-- Problem statement --
The reply to the records below should contain exactly the lines from the line with "n = (\<Sum>i<n." through the line with "n) = qg_prefix", and nothing besides.

-- Supplied entries --

========

(* Let $(x,q)\in\mathbf J$. Then: (i) for each positive integer $m$ there exists a neighborhood $\mathbf W\subset\mathbb R^2$ of $(x,q)$ such that $a_1(y,r)\ldots a_m(y,r)\ge a_1(x,q)\ldots a_m(x,q)$ (lexicographically) for all $(y,r)\in\mathbf W\cap\mathbf J$; (ii) if $(y_n,r_n)$ is a sequence in $\mathbf J$ converging to $(x,q)$ from below (i.e. $y_n\le x$ and $r_n\le q$ for all $n$), then the sequences $(a_i(y_n,r_n))_{i\ge1}$ converge coordinate-wise to $(a_i(x,q))_{i\ge1}$ as $n\to\infty$.
   Context: For real $q>1$ let $\lceil q\rceil$ be the smallest integer $\ge q$ and $A_q=\{0,\ldots,\lceil q\rceil-1\}$. Let $\mathbf J$ be the set of $(x,q)$ with $q>1$ and $x\in J_q:=[0,(\lceil q\rceil-1)/(q-1)]$ (equivalently, $x=\sum_{i\ge1}c_iq^{-i}$ for some digits $c_i\in A_q$). For $(x,q)\in\mathbf J$, the quasi-greedy expansion $(a_i(x,q))$ is: $0^\infty$ if $x=0$; if $x>0$, recursively $a_n(x,q)$ is the largest element of $A_q$ with $\sum_{i=1}^n a_i(x,q)q^{-i}<x$. Finite words of equal length are compared lexicographically. *)

theory Defs
  imports "HOL-Analysis.Analysis"
begin

definition JJ :: "(real \<times> real) set" where
  "JJ = {(x, q). q > 1 \<and> 0 \<le> x \<and> x \<le> (real_of_int \<lceil>q\<rceil> - 1) / (q - 1)}"

text \<open>First n digits a_1 ... a_n of the quasi-greedy expansion of x in base q
  (list index k holds a_(k+1)). Digits range over A_q = {0, ..., ceil q - 1}.\<close>
fun qg_prefix :: "real \<Rightarrow> real \<Rightarrow> nat \<Rightarrow> nat list" where
  "qg_prefix x q 0 = []"
| "qg_prefix x q (Suc n) =
     (let w = qg_prefix x q n;
          s = (\<Sum>i<n. real (w ! i) / q ^ (i + 1))
      in w @ [if x = 0 then 0
              else (GREATEST d::nat. real d \<le> real_of_int \<lceil>q\<rceil> - 1 \<and>
                                     s + real d / q ^ (n + 1) < x)])"

definition qg_digit :: "real \<Rightarrow> real \<Rightarrow> nat \<Rightarrow> nat" where
  "qg_digit x q i = last (qg_prefix x q i)"

end

theory Submission
  imports Defs
begin

text \<open>The quasi-greedy digit after a prefix is the largest admissible digit, and admissibility
  is an open condition in \<open>(x, q)\<close> (a strict inequality between continuous functions) that is
  monotone under decreasing \<open>x\<close> and \<open>q\<close>. Openness shows that a nearby pair admits every digit
  of the prefix of \<open>(x, q)\<close>, so its own quasi-greedy prefix, being lexicographically maximal
  among admissible words, is at least as large. Along a sequence approaching from below, the
  digits of \<open>(x, q)\<close> are eventually admissible, while monotonicity forbids larger ones; by
  induction on the position the prefixes eventually coincide.\<close>

definition qg_value :: "nat list \<Rightarrow> real \<Rightarrow> nat \<Rightarrow> real" where
  "qg_value w r n = (\<Sum>i<n. real (w ! i) / r ^ (i + 1))"

definition qg_admissible :: "real \<Rightarrow> real \<Rightarrow> nat list \<Rightarrow> nat \<Rightarrow> nat \<Rightarrow> bool" where
  "qg_admissible x q w n d \<longleftrightarrow>
     real d \<le> real_of_int \<lceil>q\<rceil> - 1 \<and> qg_value w q n + real d / q ^ (n + 1) < x"

definition qg_next :: "real \<Rightarrow> real \<Rightarrow> nat list \<Rightarrow> nat \<Rightarrow> nat" where
  "qg_next x q w n = (if x = 0 then 0 else (GREATEST d. qg_admissible x q w n d))"

lemma qg_prefix_Suc: "qg_prefix x q (Suc n) = qg_prefix x q n @ [qg_next x q (qg_prefix x q n) n]"
  by (simp add: qg_next_def qg_admissible_def[abs_def] qg_value_def Let_def)

declare qg_prefix.simps(2)[simp del]

lemma length_qg_prefix [simp]: "length (qg_prefix x q n) = n"
  by (induction n) (auto simp: qg_prefix_Suc)

lemma nth_qg_prefix: "i < n \<Longrightarrow> qg_prefix x q n ! i = qg_next x q (qg_prefix x q i) i"
  by (induction n) (auto simp: qg_prefix_Suc nth_append less_Suc_eq)

lemma map_qg_digit_upt: "map (qg_digit x q) [1..<m+1] = qg_prefix x q m"
  by (rule nth_equalityI)
    (auto simp: qg_digit_def qg_prefix_Suc nth_qg_prefix simp del: upt_Suc)

lemma qg_prefix_zero: "qg_prefix 0 q n = replicate n 0"
  by (induction n) (auto simp: qg_prefix_Suc qg_next_def replicate_append_same[symmetric])

lemma qg_value_snoc:
  "length w = n \<Longrightarrow> qg_value (w @ [d]) r (Suc n) = qg_value w r n + real d / r ^ Suc n"
  by (simp add: qg_value_def nth_append)

lemma qg_value_nonneg: "0 < r \<Longrightarrow> 0 \<le> qg_value w r n"
  unfolding qg_value_def by (intro sum_nonneg) auto

lemma qg_value_antimono_base: "0 < r \<Longrightarrow> r \<le> q \<Longrightarrow> qg_value w q n \<le> qg_value w r n"
  unfolding qg_value_def by (intro sum_mono divide_left_mono power_mono mult_pos_pos) auto

lemma qg_admissible_zero: "0 < q \<Longrightarrow> qg_value w q n < x \<Longrightarrow> qg_admissible x q w n 0"
  unfolding qg_admissible_def by (simp; linarith)

lemma qg_admissible_mono:
  assumes "0 < r" "r \<le> q" "y \<le> x" "qg_admissible y r w n d"
  shows "qg_admissible x q w n d"
proof -
  have "\<lceil>r\<rceil> \<le> \<lceil>q\<rceil>" using assms(2) by (rule ceiling_mono)
  moreover have "qg_value w q n \<le> qg_value w r n"
    using assms(1,2) by (rule qg_value_antimono_base)
  moreover have "real d / q ^ (n + 1) \<le> real d / r ^ (n + 1)"
    using assms(1,2) by (intro divide_left_mono power_mono mult_pos_pos) auto
  ultimately show ?thesis using assms(3,4) unfolding qg_admissible_def by linarith
qed

lemma qg_next_greatest:
  assumes "x \<noteq> 0" "qg_admissible x q w n d"
  shows "qg_admissible x q w n (qg_next x q w n)" "d \<le> qg_next x q w n"
proof -
  have "\<forall>d. qg_admissible x q w n d \<longrightarrow> d \<le> nat \<lceil>q\<rceil>"
    unfolding qg_admissible_def by linarith
  then show "qg_admissible x q w n (qg_next x q w n)" "d \<le> qg_next x q w n"
    using assms unfolding qg_next_def by (auto intro: GreatestI_nat Greatest_le_nat)
qed

lemma qg_next_admissible:
  assumes "0 < q" "qg_value w q n < x"
  shows "qg_admissible x q w n (qg_next x q w n)"
proof -
  have "x \<noteq> 0" using qg_value_nonneg[OF assms(1), of w n] assms(2) by auto
  then show ?thesis using qg_next_greatest(1) qg_admissible_zero[OF assms] by blast
qed

lemma qg_value_qg_prefix_less: "0 < q \<Longrightarrow> 0 < x \<Longrightarrow> qg_value (qg_prefix x q n) q n < x"
proof (induction n)
  case 0
  then show ?case by (simp add: qg_value_def)
next
  case (Suc n)
  then have "qg_admissible x q (qg_prefix x q n) n (qg_next x q (qg_prefix x q n) n)"
    by (intro qg_next_admissible) auto
  then show ?case by (simp add: qg_prefix_Suc qg_value_snoc qg_admissible_def)
qed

========

-- Completed exercise --
  "qg_value w r n = (\<Sum>i<n. real (w ! i) / r ^ (i + 1))"

definition qg_admissible :: "real \<Rightarrow> real \<Rightarrow> nat list \<Rightarrow> nat \<Rightarrow> nat \<Rightarrow> bool" where
  "qg_admissible x q w n d \<longleftrightarrow>
     real d \<le> real_of_int \<lceil>q\<rceil> - 1 \<and> qg_value w q n + real d / q ^ (n + 1) < x"

definition qg_next :: "real \<Rightarrow> real \<Rightarrow> nat list \<Rightarrow> nat \<Rightarrow> nat" where
  "qg_next x q w n = (if x = 0 then 0 else (GREATEST d. qg_admissible x q w n d))"

lemma qg_prefix_Suc: "qg_prefix x q (Suc n) = qg_prefix x q n @ [qg_next x q (qg_prefix x q n) n]"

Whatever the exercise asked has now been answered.